(EXERCISE INPUTS begins)

lemma weyl_invariant_reflection:
  assumes "weyl_invariant R m" and "a \<in> R" and "b \<in> R"
  shows "m (reflection a b) = m b"
proof -
  have "reflection a \<circ> id \<in> weyl_group R"
    using weyl_group.refl_comp[OF weyl_group.id_in \<open>a \<in> R\<close>] .
  with assms show ?thesis unfolding weyl_invariant_def by fastforce
qed

lemma positive_root_inner_pos_if_reflection_negative:
  assumes "root_system R" and "Rp = {a\<in>R. a \<bullet> \<xi> > 0}"
    and "\<alpha> \<in> Rp" and "\<beta> \<in> Rp" and "reflection \<alpha> \<beta> \<notin> Rp"
  shows "\<beta> \<bullet> \<alpha> > 0"
proof -
  have "reflection \<alpha> \<beta> \<in> R"
    using assms unfolding root_system_def reflection_def by blast
  with assms have "\<beta> \<bullet> \<xi> - (2 * (\<beta> \<bullet> \<alpha>) / (\<alpha> \<bullet> \<alpha>)) * (\<alpha> \<bullet> \<xi>) \<le> 0"
    unfolding reflection_def by (auto simp: inner_diff_left)
  moreover have "\<beta> \<bullet> \<xi> > 0" and "\<alpha> \<bullet> \<xi> > 0" using assms by auto
  ultimately have "2 * (\<beta> \<bullet> \<alpha>) / (\<alpha> \<bullet> \<alpha>) > 0"
    by (smt (verit) mult_nonpos_nonneg)
  then show ?thesis using inner_ge_zero[of \<alpha>] by (auto simp: zero_less_divide_iff)
qed

lemma weighted_inner_sum_ge:
  assumes R: "root_system R" and "positive_system R Rp" and "weyl_invariant R m"
    and "\<alpha> \<in> Rp"
  shows "real (m \<alpha>) * (\<alpha> \<bullet> \<alpha>) \<le> (\<Sum>\<beta>\<in>Rp. real (m \<beta>) * (\<beta> \<bullet> \<alpha>))"
proof -
  obtain \<xi> where Rp: "Rp = {a\<in>R. a \<bullet> \<xi> > 0}"
    using \<open>positive_system R Rp\<close> unfolding positive_system_def by blast
  have "finite Rp" using R Rp unfolding root_system_def by simp
  have "\<alpha> \<in> R" "\<alpha> \<noteq> 0" using \<open>\<alpha> \<in> Rp\<close> Rp by auto
  define s where "s = reflection \<alpha>"
  define h where "h \<beta> = real (m \<beta>) * (\<beta> \<bullet> \<alpha>)" for \<beta>
  define A where "A = {\<beta>\<in>Rp. s \<beta> \<in> Rp}"
  have "bij_betw s A A"
    unfolding A_def s_def using \<open>\<alpha> \<noteq> 0\<close>
    by (intro bij_betw_byWitness[where f' = "reflection \<alpha>"]) (auto simp: reflection_reflection)
  then have "sum h A = (\<Sum>\<beta>\<in>A. h (s \<beta>))" by (simp add: sum.reindex_bij_betw)
  also have "\<dots> = - sum h A"
    unfolding sum_negf[symmetric] using \<open>\<alpha> \<in> R\<close> \<open>\<alpha> \<noteq> 0\<close>
    by (intro sum.cong) (auto simp: h_def A_def s_def Rp inner_reflection_root
                                     weyl_invariant_reflection[OF \<open>weyl_invariant R m\<close>])
  finally have "sum h A = 0" by simp
  have h_nonneg: "h \<beta> \<ge> 0" if "\<beta> \<in> Rp - A" for \<beta>
    using positive_root_inner_pos_if_reflection_negative[OF R Rp \<open>\<alpha> \<in> Rp\<close>, of \<beta>] that
    by (simp add: h_def A_def s_def)
  have "\<alpha> \<in> Rp - A"
    using \<open>\<alpha> \<in> Rp\<close> \<open>\<alpha> \<noteq> 0\<close> Rp by (auto simp: A_def s_def reflection_root)
  then have "h \<alpha> \<le> sum h (Rp - A)"
    using \<open>finite Rp\<close> h_nonneg by (intro member_le_sum) auto
  also have "\<dots> = sum h Rp"
    using sum.subset_diff[of A Rp h] \<open>finite Rp\<close> \<open>sum h A = 0\<close> by (auto simp: A_def)
  finally show ?thesis by (simp add: h_def)
qed

lemma rho_coord_ge:
  assumes "root_system R" and "positive_system R Rp" and "weyl_invariant R m"
    and "\<alpha> \<in> Rp"
  shows "real (m \<alpha>) / 2 \<le> rho Rp m \<bullet> \<alpha> / (\<alpha> \<bullet> \<alpha>)"
proof -
  have "\<alpha> \<bullet> \<alpha> > 0"
    using assms(2,4) unfolding positive_system_def by auto
  moreover have "2 * (rho Rp m \<bullet> \<alpha>) = (\<Sum>\<beta>\<in>Rp. real (m \<beta>) * (\<beta> \<bullet> \<alpha>))"
    unfolding rho_def by (simp add: inner_sum_left)
  ultimately show ?thesis
    using weighted_inner_sum_ge[OF assms] by (simp add: field_simps)
qed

(EXERCISE INPUTS ends)

Write the entries out once more, exactly as they appear.

→ RESPONSE TO THIS EXERCISE:
lemma weyl_invariant_reflection:
  assumes "weyl_invariant R m" and "a \<in> R" and "b \<in> R"
  shows "m (reflection a b) = m b"
proof -
  have "reflection a \<circ> id \<in> weyl_group R"
    using weyl_group.refl_comp[OF weyl_group.id_in \<open>a \<in> R\<close>] .
  with assms show ?thesis unfolding weyl_invariant_def by fastforce
qed

lemma positive_root_inner_pos_if_reflection_negative:
  assumes "root_system R" and "Rp = {a\<in>R. a \<bullet> \<xi> > 0}"
    and "\<alpha> \<in> Rp" and "\<beta> \<in> Rp" and "reflection \<alpha> \<beta> \<notin> Rp"
  shows "\<beta> \<bullet> \<alpha> > 0"
proof -
  have "reflection \<alpha> \<beta> \<in> R"
    using assms unfolding root_system_def reflection_def by blast
  with assms have "\<beta> \<bullet> \<xi> - (2 * (\<beta> \<bullet> \<alpha>) / (\<alpha> \<bullet> \<alpha>)) * (\<alpha> \<bullet> \<xi>) \<le> 0"
    unfolding reflection_def by (auto simp: inner_diff_left)
  moreover have "\<beta> \<bullet> \<xi> > 0" and "\<alpha> \<bullet> \<xi> > 0" using assms by auto
  ultimately have "2 * (\<beta> \<bullet> \<alpha>) / (\<alpha> \<bullet> \<alpha>) > 0"
    by (smt (verit) mult_nonpos_nonneg)
  then show ?thesis using inner_ge_zero[of \<alpha>] by (auto simp: zero_less_divide_iff)
qed

lemma weighted_inner_sum_ge:
  assumes R: "root_system R" and "positive_system R Rp" and "weyl_invariant R m"
    and "\<alpha> \<in> Rp"
  shows "real (m \<alpha>) * (\<alpha> \<bullet> \<alpha>) \<le> (\<Sum>\<beta>\<in>Rp. real (m \<beta>) * (\<beta> \<bullet> \<alpha>))"
proof -
  obtain \<xi> where Rp: "Rp = {a\<in>R. a \<bullet> \<xi> > 0}"
    using \<open>positive_system R Rp\<close> unfolding positive_system_def by blast
  have "finite Rp" using R Rp unfolding root_system_def by simp
  have "\<alpha> \<in> R" "\<alpha> \<noteq> 0" using \<open>\<alpha> \<in> Rp\<close> Rp by auto
  define s where "s = reflection \<alpha>"
  define h where "h \<beta> = real (m \<beta>) * (\<beta> \<bullet> \<alpha>)" for \<beta>
  define A where "A = {\<beta>\<in>Rp. s \<beta> \<in> Rp}"
  have "bij_betw s A A"
    unfolding A_def s_def using \<open>\<alpha> \<noteq> 0\<close>
    by (intro bij_betw_byWitness[where f' = "reflection \<alpha>"]) (auto simp: reflection_reflection)
  then have "sum h A = (\<Sum>\<beta>\<in>A. h (s \<beta>))" by (simp add: sum.reindex_bij_betw)
  also have "\<dots> = - sum h A"
    unfolding sum_negf[symmetric] using \<open>\<alpha> \<in> R\<close> \<open>\<alpha> \<noteq> 0\<close>
    by (intro sum.cong) (auto simp: h_def A_def s_def Rp inner_reflection_root
                                     weyl_invariant_reflection[OF \<open>weyl_invariant R m\<close>])
  finally have "sum h A = 0" by simp
  have h_nonneg: "h \<beta> \<ge> 0" if "\<beta> \<in> Rp - A" for \<beta>
    using positive_root_inner_pos_if_reflection_negative[OF R Rp \<open>\<alpha> \<in> Rp\<close>, of \<beta>] that
    by (simp add: h_def A_def s_def)
  have "\<alpha> \<in> Rp - A"
    using \<open>\<alpha> \<in> Rp\<close> \<open>\<alpha> \<noteq> 0\<close> Rp by (auto simp: A_def s_def reflection_root)
  then have "h \<alpha> \<le> sum h (Rp - A)"
    using \<open>finite Rp\<close> h_nonneg by (intro member_le_sum) auto
  also have "\<dots> = sum h Rp"
    using sum.subset_diff[of A Rp h] \<open>finite Rp\<close> \<open>sum h A = 0\<close> by (auto simp: A_def)
  finally show ?thesis by (simp add: h_def)
qed

lemma rho_coord_ge:
  assumes "root_system R" and "positive_system R Rp" and "weyl_invariant R m"
    and "\<alpha> \<in> Rp"
  shows "real (m \<alpha>) / 2 \<le> rho Rp m \<bullet> \<alpha> / (\<alpha> \<bullet> \<alpha>)"
proof -
  have "\<alpha> \<bullet> \<alpha> > 0"
    using assms(2,4) unfolding positive_system_def by auto
  moreover have "2 * (rho Rp m \<bullet> \<alpha>) = (\<Sum>\<beta>\<in>Rp. real (m \<beta>) * (\<beta> \<bullet> \<alpha>))"
    unfolding rho_def by (simp add: inner_sum_left)
  ultimately show ?thesis
    using weighted_inner_sum_ge[OF assms] by (simp add: field_simps)
qed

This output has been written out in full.